28 km2) Land23. 95 sq mi (62. 02 km2) Water0. 10 sq mi (0. 26 km2) Elevation302 feet (92 m) Population City65,239 Estimate 72,244 Density3,016. 95/sq mi (1,164. 84/km2) Urban141,576 (United States: 230th)UTC5 (EST) Summer (DST)UTC4 (EDT) 21701-21709301, 24024-30325GNIS function ID0584497I-70, I-270, United States 15, United States 40, United States 340, MD 80, MD 144, MD 355Site Frederick is a city in, and the county seat, of Frederick County, Maryland.
Frederick has actually long been an essential crossroads, situated at the intersection of a significant northsouth Indian trail and eastwest routes to the Chesapeake Bay, both at Baltimore and what ended up being Washington, D.C. and across the Appalachian mountains to the Ohio River watershed. It is a part of the Washington-Arlington-Alexandria, DC-VA-MD-WV Metropolitan Statistical Area, which becomes part of a higher Washington-Baltimore-Arlington, DC-MD-VA-WV-PA Combined Statistical Area.
Frederick is home to Frederick Municipal Airport (IATA: FDK), which accommodates basic air travel, and to the county's largest employer U.S. Army's Fort Detrick bioscience/communications research study setup. Found where Catoctin Mountain (the easternmost ridge of the Blue Ridge mountains) satisfies the rolling hills of the Piedmont region, the Frederick area ended up being a crossroads even prior to European explorers and traders showed up.
This ended up being understood as the Monocacy Path and even the Great Indian Warpath, with some tourists continuing southward through the "Great Appalachian Valley" (Shenandoah Valley, etc.) to the western Piedmont in North Carolina, or taking a trip down other watersheds in Virginia towards the Chesapeake Bay, such as those of the Rappahannock, James and York Rivers.
Founded before 1730, when the Indian path became a wagon roadway, Monocacy was deserted before the American Revolutionary War, possibly due to the river's periodic flooding or hostilities predating the French and Indian War, or merely Frederick's much better area with easier access to the Potomac River near its confluence with the Monocacy.
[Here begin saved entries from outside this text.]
lemma charge_gt:
  assumes core: "is_core t ps" and t: "0 < t" and "\<rho> < t"
  shows "- int (length ps) - 1 < charge t ps \<rho>"
proof -
  have "int \<rho> + int t * (- int (length ps) - 1) < int t * (- int (length ps))"
    using mult_le_add_mult_iff[OF \<open>\<rho> < t\<close>, of "- int (length ps)" "- int (length ps) - 1"]
    by simp
  also have "\<dots> \<le> - int (length ps)"
    using t mult_right_mono_neg[of 1 "int t" "- int (length ps)"] by simp
  finally have "- int (length ps) - 1 \<in> {..<charge t ps \<rho>}"
    by (auto simp: runner_eq_lessThan_charge[OF core t, symmetric] intro: in_range_beta_below)
  then show ?thesis by simp
qed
3 years previously, All Saints Church had actually been established on a hilltop near a warehouse/trading post. Sources disagree regarding which Frederick the town was named for, however the likeliest prospects are Frederick Calvert, 6th Baron Baltimore (one of the owners of Maryland), Frederick Louis, Prince of Wales, and Frederick "The Great" of Prussia.
Frederick Town (now Frederick) was made the county seat of Frederick County. The county initially extended to the Appalachian mountains (locations further west being disputed between the nests of Virginia and Pennsylvania up until 1789). The present town's first house was developed by a young German Reformed schoolmaster from the Rhineland Palatinate called Johann Thomas Schley (died 1790), who led a party of immigrants (including his better half, Maria Von Winz) to the Maryland colony.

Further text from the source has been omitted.